Mayor supports smaller urban boundary after provincial U-turn
Province expanded area open to urban development last year, then reversed course this week
Ottawa has just weeks to decide whether it wants to keep any of the changes the province made to the city's top planning document last year, but Mayor Mark Sutcliffe wants the urban boundary to revert back to council's original plan.
"I want to work with staff and work with councillors and hear what everyone has to say, but with regard to the urban boundary in particular, I'm prepared to accept the official plan that council approved and move on from there," Sutcliffe said in a news conference Wednesday.
The official plan is the city's overarching planning document that sets broad policies and dictates, at a high level, where development and infrastructure will go over the next 25 years. It sets an urban boundary to channel growth toward certain areas.
When councillors passed the latest version, in 2021, they expanded that boundary by nearly 1,300 hectares.
But that wasn't enough for the province's former municipal affairs and housing minister, Steve Clark, who overruled the city to add 654 hectares more in 2022.
Clark resigned last month in the wake of blistering auditor general and integrity commissioner reports on his decision to add lands to the GTA's Greenbelt. MPPs and city councillors drew parallels with his decision to expand Ottawa's urban boundary, especially in light of a CBC report that donors to the Progressive Conservatives bought lands near Orléans shortly beforehand.
Clark's successor, Paul Calandra, announced Monday the provincial government will reverse changes Clark made for several cities, including Ottawa. That means Ottawa's official plan would revert back to what it was when council passed it in 2021.

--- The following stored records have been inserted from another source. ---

lemma fin_partial_iso_extend_dom:
  assumes u1: "ultrametric_on X d1" and u2: "ultrametric_on Y d2" and ur: "extension_property_on Y d2"
    and P: "fin_partial_iso X Y d1 d2 R" and x: "x \<in> X"
  shows "\<exists>R'. fin_partial_iso X Y d1 d2 R' \<and> R \<subseteq> R' \<and> x \<in> fst ` R'"
proof (cases "x \<in> fst ` R")
  case True then show ?thesis using P by blast
next
  case False
  define A where "A = snd ` R"
  define r where "r b = d1 x (SOME a. (a, b) \<in> R)" for b
  have RXY: "R \<subseteq> X \<times> Y" using P unfolding fin_partial_iso_def by simp
  have rv: "r b = d1 x a" if "(a, b) \<in> R" for a b
  proof -
    have "(SOME a. (a, b) \<in> R, b) \<in> R" using that by (rule someI)
    then have "(SOME a. (a, b) \<in> R) = a" using fin_partial_iso_left_unique[OF u1 P _ that u2] by blast
    then show ?thesis unfolding r_def by simp
  qed
  have "finite A" using P unfolding fin_partial_iso_def A_def by simp
  moreover have "A \<subseteq> Y" using RXY unfolding A_def by auto
  moreover have "\<forall>b\<in>A. 0 < r b"
  proof
    fix b assume "b \<in> A"
    then obtain a where ab: "(a, b) \<in> R" unfolding A_def by auto
    then have "a \<in> X" "x \<noteq> a" using RXY False by force+
    then show "0 < r b"
      using rv[OF ab] ultrametric_onD(1,2)[OF u1 x \<open>a \<in> X\<close>] by (simp add: order_less_le)
  qed
  moreover have "\<forall>b\<in>A. \<forall>b'\<in>A. d2 b b' \<le> max (r b) (r b') \<and> r b \<le> max (d2 b b') (r b')"
  proof (intro ballI)
    fix b b' assume "b \<in> A" "b' \<in> A"
    then obtain a a' where ab: "(a, b) \<in> R" "(a', b') \<in> R" unfolding A_def by auto
    then have aX: "a \<in> X" "a' \<in> X" using RXY by auto
    have t1: "d1 a a' \<le> max (d1 a x) (d1 x a')" using ultrametric_onD(5)[OF u1 aX(1) x aX(2)] .
    have t2: "d1 x a \<le> max (d1 x a') (d1 a' a)" using ultrametric_onD(5)[OF u1 x aX(2) aX(1)] .
    show "d2 b b' \<le> max (r b) (r b') \<and> r b \<le> max (d2 b b') (r b')"
      using t1 t2 fin_partial_isoD[OF P ab] ultrametric_onD(3)[OF u1 aX(1)] ultrametric_onD(3)[OF u1 aX(1) aX(2)]
        rv[OF ab(1)] rv[OF ab(2)] x by (simp add: max.commute)
  qed
  ultimately obtain z where z: "z \<in> Y" "\<forall>b\<in>A. d2 z b = r b"
    using ur[unfolded extension_property_on_def, rule_format, of A r] by blast
  have "d2 z b = d1 x a" if "(a, b) \<in> R" for a b
    using z(2) rv[OF that] that unfolding A_def by force
  then have "fin_partial_iso X Y d1 d2 (insert (x, z) R)"
    by (rule fin_partial_iso_insert[OF u1 u2 P x z(1)])
  moreover have "R \<subseteq> insert (x, z) R" "x \<in> fst ` insert (x, z) R" by auto
  ultimately show ?thesis by blast
qed

lemma fin_partial_iso_extend_ran:
  assumes u1: "ultrametric_on X d1" and u2: "ultrametric_on Y d2" and ur: "extension_property_on X d1"
    and P: "fin_partial_iso X Y d1 d2 R" and y: "y \<in> Y"
  shows "\<exists>R'. fin_partial_iso X Y d1 d2 R' \<and> R \<subseteq> R' \<and> y \<in> snd ` R'"
proof -
  obtain R'' where R'': "fin_partial_iso Y X d2 d1 R''" "R\<inverse> \<subseteq> R''" "y \<in> fst ` R''"
    using fin_partial_iso_extend_dom[OF u2 u1 ur fin_partial_iso_converse[OF P] y] by blast
  have "fin_partial_iso X Y d1 d2 (R''\<inverse>)" using fin_partial_iso_converse[OF R''(1)] by simp
  moreover have "R \<subseteq> R''\<inverse>" using R''(2) by auto
  moreover have "y \<in> snd ` (R''\<inverse>)" using R''(3) by force
  ultimately show ?thesis by blast
qed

Calandra gave cities 45 days to decide whether they want to make any revisions to their plans, including retaining any of the provincial changes.
City staff said they've put a year of work into planning under the expanded boundaries. That includes an infrastructure master plan coming to committee next week that includes water and wastewater projects to service the now-removed lands. That will now have to be amended.

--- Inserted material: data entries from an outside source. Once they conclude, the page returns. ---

lemma log_profile_flux_has_real_derivative:
  fixes k1 k2 P :: real and v :: "real \<Rightarrow> real"
  assumes k2: "k2 \<noteq> 0" and P: "P > 0" and v: "\<And>y. y > 0 \<Longrightarrow> v y = (1 / k2) * ln (y\<^sup>2 / P)"
    and x: "x > 0"
  shows "((\<lambda>y. k1 * y * exp (k2 * v y) * deriv v y) has_real_derivative 4 * k1 * x / (k2 * P)) (at x)"
proof -
  have flux: "k1 * y * exp (k2 * v y) * deriv v y = 2 * k1 / (k2 * P) * y\<^sup>2" if y: "y > 0" for y
  proof -
    have exp_v: "exp (k2 * v y) = y\<^sup>2 / P" using v y k2 P by simp
    have v': "deriv v y = 2 / (k2 * y)"
      using log_profile_has_real_derivative[OF k2 P v y] by (rule DERIV_imp_deriv)
    show ?thesis unfolding exp_v v' using y k2 P by (simp add: field_simps power2_eq_square)
  qed
  have "((\<lambda>y. 2 * k1 / (k2 * P) * y\<^sup>2) has_real_derivative 4 * k1 * x / (k2 * P)) (at x)"
    using k2 P by (auto intro!: derivative_eq_intros simp: field_simps)
  then show ?thesis
    by (rule has_field_derivative_transform_within_open[where S = "{0<..}"]) (use x flux in auto)
qed

lemma log_profile_time_has_real_derivative:
  fixes k2 x :: real and p :: "real \<Rightarrow> real" and I :: "real set"
  assumes k2: "k2 \<noteq> 0" and I: "open I" "t \<in> I" and p_pos: "\<And>s. s \<in> I \<Longrightarrow> p s > 0"
    and p': "(p has_real_derivative p') (at t)" and x: "x > 0"
    and w: "\<And>s. s \<in> I \<Longrightarrow> w s = (1 / k2) * ln (x\<^sup>2 / p s)"
  shows "(w has_real_derivative - p' / (k2 * p t)) (at t)"
proof -
  have "((\<lambda>s. (1 / k2) * (ln (x\<^sup>2) - ln (p s))) has_real_derivative (1 / k2) * (0 - p' / p t)) (at t)"
    using k2 p' p_pos[OF I(2)] by (auto intro!: derivative_eq_intros)
  then have d: "((\<lambda>s. (1 / k2) * (ln (x\<^sup>2) - ln (p s))) has_real_derivative - p' / (k2 * p t)) (at t)"
    using k2 by simp
  have w_eq: "w s = (1 / k2) * (ln (x\<^sup>2) - ln (p s))" if "s \<in> I" for s
    using w[OF that] p_pos[OF that] x by (simp add: ln_div)
  show ?thesis
    by (rule has_field_derivative_transform_within_open[OF d I]) (simp add: w_eq)
qed

lemma invariant_surface_scaling_iff_has_real_derivative:
  fixes k2 :: real and I :: "real set" and u :: "real \<Rightarrow> real \<Rightarrow> real"
  assumes k2: "k2 \<noteq> 0"
    and diff: "\<And>x t. x > 0 \<Longrightarrow> t \<in> I \<Longrightarrow> (\<lambda>y. u y t) differentiable (at x)"
  shows "invariant_surface (\<lambda>x t v. k2 * x) (\<lambda>x t v. 0) (\<lambda>x t v. 2) I u \<longleftrightarrow>
         (\<forall>x>0. \<forall>t\<in>I. ((\<lambda>y. u y t) has_real_derivative 2 / (k2 * x)) (at x))"
proof -
  have pointwise: "k2 * x * ux u x t + 0 * ut u x t - 2 = 0 \<longleftrightarrow>
        ((\<lambda>y. u y t) has_real_derivative 2 / (k2 * x)) (at x)" if x: "x > 0" and t: "t \<in> I" for x t
  proof -
    have u_x: "((\<lambda>y. u y t) has_real_derivative ux u x t) (at x)"
      unfolding ux_def using diff[OF x t] by (simp only: DERIV_deriv_iff_real_differentiable)
    have "k2 * x * ux u x t + 0 * ut u x t - 2 = 0 \<longleftrightarrow> ux u x t = 2 / (k2 * x)"
      using k2 x by (auto simp: field_simps)
    also have "\<dots> \<longleftrightarrow> ((\<lambda>y. u y t) has_real_derivative 2 / (k2 * x)) (at x)"
      using u_x DERIV_unique[OF u_x, of "2 / (k2 * x)"] by auto
    finally show ?thesis .
  qed
  show ?thesis
    unfolding invariant_surface_def by (intro all_cong ball_cong refl) (rule pointwise)
qed

lemma has_real_derivative_scaling_iff_log_profile:
  fixes k2 :: real and I :: "real set" and u :: "real \<Rightarrow> real \<Rightarrow> real"
  assumes k2: "k2 \<noteq> 0"
  shows "(\<forall>x>0. \<forall>t\<in>I. ((\<lambda>y. u y t) has_real_derivative 2 / (k2 * x)) (at x)) \<longleftrightarrow>
         (\<exists>p. (\<forall>t\<in>I. p t > 0) \<and> (\<forall>x>0. \<forall>t\<in>I. u x t = (1 / k2) * ln (x\<^sup>2 / p t)))"
proof
  assume u': "\<forall>x>0. \<forall>t\<in>I. ((\<lambda>y. u y t) has_real_derivative 2 / (k2 * x)) (at x)"
  have profile: "u x t = (1 / k2) * ln (x\<^sup>2 / exp (- k2 * u 1 t))" if x: "x > 0" and t: "t \<in> I" for x t
  proof -
    have "\<And>y. y > 0 \<Longrightarrow> ((\<lambda>y. u y t) has_real_derivative (2 / k2) / y) (at y)"
      using u' t by simp
    then have "u x t = u 1 t + 2 / k2 * ln x"
      by (rule eq_ln_of_has_real_derivative[where f = "\<lambda>y. u y t", OF _ x])
    moreover have "ln (x\<^sup>2 / exp (- k2 * u 1 t)) = 2 * ln x + k2 * u 1 t"
      using x by (simp add: ln_div ln_realpow)
    ultimately show ?thesis using k2 by (simp add: field_simps)
  qed
  show "\<exists>p. (\<forall>t\<in>I. p t > 0) \<and> (\<forall>x>0. \<forall>t\<in>I. u x t = (1 / k2) * ln (x\<^sup>2 / p t))"
  proof (intro exI[of _ "\<lambda>t. exp (- k2 * u 1 t)"] conjI)
    show "\<forall>t\<in>I. exp (- k2 * u 1 t) > 0" by simp
    show "\<forall>x>0. \<forall>t\<in>I. u x t = (1 / k2) * ln (x\<^sup>2 / exp (- k2 * u 1 t))"
      by (intro allI impI ballI) (rule profile)
  qed
next
  assume "\<exists>p. (\<forall>t\<in>I. p t > 0) \<and> (\<forall>x>0. \<forall>t\<in>I. u x t = (1 / k2) * ln (x\<^sup>2 / p t))"
  then obtain p where p_pos: "\<forall>t\<in>I. p t > 0"
    and u: "\<forall>x>0. \<forall>t\<in>I. u x t = (1 / k2) * ln (x\<^sup>2 / p t)"
    by blast
  show "\<forall>x>0. \<forall>t\<in>I. ((\<lambda>y. u y t) has_real_derivative 2 / (k2 * x)) (at x)"
  proof (intro allI impI ballI)
    fix x t :: real assume x: "x > 0" and t: "t \<in> I"
    have "\<And>y. y > 0 \<Longrightarrow> u y t = (1 / k2) * ln (y\<^sup>2 / p t)" using u t by blast
    then show "((\<lambda>y. u y t) has_real_derivative 2 / (k2 * x)) (at x)"
      by (rule log_profile_has_real_derivative[OF k2 p_pos[rule_format, OF t] _ x])
  qed
qed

"It was an unexpected announcement on Monday," said general manager of planning, real estate and economic development Don Herweyer, who said he will meet with Calandra's staff in the coming days to seek more clarity.

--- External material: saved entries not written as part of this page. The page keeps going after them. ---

definition is_evolution_algebra :: "('k::field \<Rightarrow> 'v::ab_group_add \<Rightarrow> 'v) \<Rightarrow> ('v \<Rightarrow> 'v \<Rightarrow> 'v) \<Rightarrow> bool" where
  "is_evolution_algebra scale mult \<longleftrightarrow> is_algebra scale mult \<and>
     (\<exists>B. \<not> module.dependent scale B \<and> module.span scale B = UNIV \<and>
          (\<forall>x\<in>B. \<forall>y\<in>B. x \<noteq> y \<longrightarrow> mult x y = 0))"

definition alg_ideal :: "('k::field \<Rightarrow> 'v::ab_group_add \<Rightarrow> 'v) \<Rightarrow> ('v \<Rightarrow> 'v \<Rightarrow> 'v) \<Rightarrow> 'v set \<Rightarrow> bool" where
  "alg_ideal scale mult I \<longleftrightarrow> module.subspace scale I \<and>
     (\<forall>a x. x \<in> I \<longrightarrow> mult a x \<in> I \<and> mult x a \<in> I)"

definition is_simple_algebra :: "('k::field \<Rightarrow> 'v::ab_group_add \<Rightarrow> 'v) \<Rightarrow> ('v \<Rightarrow> 'v \<Rightarrow> 'v) \<Rightarrow> bool" where
  "is_simple_algebra scale mult \<longleftrightarrow> (\<exists>x y. mult x y \<noteq> 0) \<and>
     (\<forall>I. alg_ideal scale mult I \<longrightarrow> I = {0} \<or> I = UNIV)"

text \<open>The model space K^2 with natural basis e1 = (1,0), e2 = (0,1).\<close>
definition scale2 :: "'k::field \<Rightarrow> 'k \<times> 'k \<Rightarrow> 'k \<times> 'k" where
  "scale2 c p = (c * fst p, c * snd p)"

text \<open>Two-dimensional evolution algebra with structure matrix (w11 w12; w21 w22),
  i.e. e1^2 = w11 e1 + w21 e2, e2^2 = w12 e1 + w22 e2, e1 e2 = e2 e1 = 0.\<close>
definition evo_mult2 :: "'k::field \<Rightarrow> 'k \<Rightarrow> 'k \<Rightarrow> 'k \<Rightarrow> 'k \<times> 'k \<Rightarrow> 'k \<times> 'k \<Rightarrow> 'k \<times> 'k" where
  "evo_mult2 w11 w12 w21 w22 p q =
     (fst p * fst q * w11 + snd p * snd q * w12, fst p * fst q * w21 + snd p * snd q * w22)"

definition iso_to_model :: "('k::field \<Rightarrow> 'v::ab_group_add \<Rightarrow> 'v) \<Rightarrow> ('v \<Rightarrow> 'v \<Rightarrow> 'v)
    \<Rightarrow> ('k \<times> 'k \<Rightarrow> 'k \<times> 'k \<Rightarrow> 'k \<times> 'k) \<Rightarrow> bool" where
  "iso_to_model scale mult m \<longleftrightarrow> (\<exists>f. bij f \<and> Vector_Spaces.linear scale scale2 f \<and>
     (\<forall>x y. f (mult x y) = m (f x) (f y)))"

definition type_II_0_2 :: "('k::field \<Rightarrow> 'v::ab_group_add \<Rightarrow> 'v) \<Rightarrow> ('v \<Rightarrow> 'v \<Rightarrow> 'v) \<Rightarrow> bool" where
  "type_II_0_2 scale mult \<longleftrightarrow> (\<exists>lam::'k. lam \<noteq> 0 \<and> iso_to_model scale mult (evo_mult2 0 lam 1 0))"

definition type_II_1_3 :: "('k::field \<Rightarrow> 'v::ab_group_add \<Rightarrow> 'v) \<Rightarrow> ('v \<Rightarrow> 'v \<Rightarrow> 'v) \<Rightarrow> bool" where
  "type_II_1_3 scale mult \<longleftrightarrow> (\<exists>lam::'k. lam \<noteq> 0 \<and> iso_to_model scale mult (evo_mult2 1 lam 1 0))"

definition type_II_2_4 :: "('k::field \<Rightarrow> 'v::ab_group_add \<Rightarrow> 'v) \<Rightarrow> ('v \<Rightarrow> 'v \<Rightarrow> 'v) \<Rightarrow> bool" where
  "type_II_2_4 scale mult \<longleftrightarrow> (\<exists>lam mu::'k. lam \<noteq> 0 \<and> mu \<noteq> 0 \<and> lam * mu \<noteq> 1 \<and>
      iso_to_model scale mult (evo_mult2 1 lam mu 1))"

end

theory Submission
  imports Defs
begin

(* A natural basis identifies A with K^2 with e1^2 = a e1 + c e2, e2^2 = b e1 + d e2.
   Simplicity excludes the ideals K e1 (if c = 0), K e2 (if b = 0) and, for a singular
   structure matrix, the line containing A^2; so b, c and ad - bc are nonzero, and rescaling
   the basis vectors (and possibly swapping them) normalises the matrix to one of the three
   listed forms. The types are distinct: for a nonsingular structure matrix, e1 e2 = 0 forces every
   isomorphism to map natural basis vectors to multiples of natural basis vectors, so the
   number of nonzero diagonal entries (0, 1 or 2) separates the three types. *)

lemma vector_space_scale2: "vector_space (scale2 :: 'k::field \<Rightarrow> 'k \<times> 'k \<Rightarrow> 'k \<times> 'k)"
  unfolding vector_space_def scale2_def by (auto simp: algebra_simps)

lemma linear_inv:
  assumes "Vector_Spaces.linear s1 s2 f" and "bij f"
  shows "Vector_Spaces.linear s2 s1 (inv f)"
proof -
  have "module_pair s1 s2" "module_hom s1 s2 f"
    using assms(1) by (auto simp: module_hom_iff_linear module_pair_def
        module_iff_vector_space Vector_Spaces.linear_iff)
  then show ?thesis
    using assms(2) module_pair.bij_module_hom_imp_inv_module_hom module_hom_iff_linear by metis
qed

lemma inv_multiplicative:
  assumes "bij f" and "\<And>x y. f (mult x y) = m (f x) (f y)"
  shows "inv f (m x y) = mult (inv f x) (inv f y)"
proof -
  have "m x y = f (mult (inv f x) (inv f y))"
    using assms by (simp add: bij_is_surj surj_f_inv_f)
  then show ?thesis
    using assms(1) by (simp add: bij_is_inj)
qed

lemma iso_to_modelI:
  assumes "bij g" and "Vector_Spaces.linear scale2 scale g"
    and "\<And>x y. g (m x y) = mult (g x) (g y)"
  shows "iso_to_model scale mult m"
  unfolding iso_to_model_def
  using assms bij_imp_bij_inv linear_inv inv_multiplicative by metis

lemma iso_to_model_trans:
  assumes "iso_to_model scale mult m" and "iso_to_model scale2 m m'"
  shows "iso_to_model scale mult m'"
proof -
  obtain f where "bij f" "Vector_Spaces.linear scale scale2 f"
    "\<And>x y. f (mult x y) = m (f x) (f y)"
    using assms(1) unfolding iso_to_model_def by blast
  moreover obtain h where "bij h" "Vector_Spaces.linear scale2 scale2 h"
    "\<And>x y. h (m x y) = m' (h x) (h y)"
    using assms(2) unfolding iso_to_model_def by blast
  ultimately show ?thesis
    unfolding iso_to_model_def
    by (intro exI[of _ "h \<circ> f"]) (auto intro: bij_comp Vector_Spaces.linear_compose)
qed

"Certainly there has been a fair amount of work over the past year based on the official plan that was approved by the minister," he added. "It impacts a lot of work."
While Sutcliffe came out against retaining the expanded urban boundary, he said there are other details that will require a closer look.
"There's a lot of detail that we need to go through because it's not just the urban boundary that's affected by the changes," he said. "There are policy decisions and other things that were in the official plan, so we have to go through those one by one and make sure we're comfortable with them."
Notably, one of the provincial changes from last year increased height limits along minor corridors, bumping them up from four to nine storeys downtown, and six elsewhere within the Greenbelt.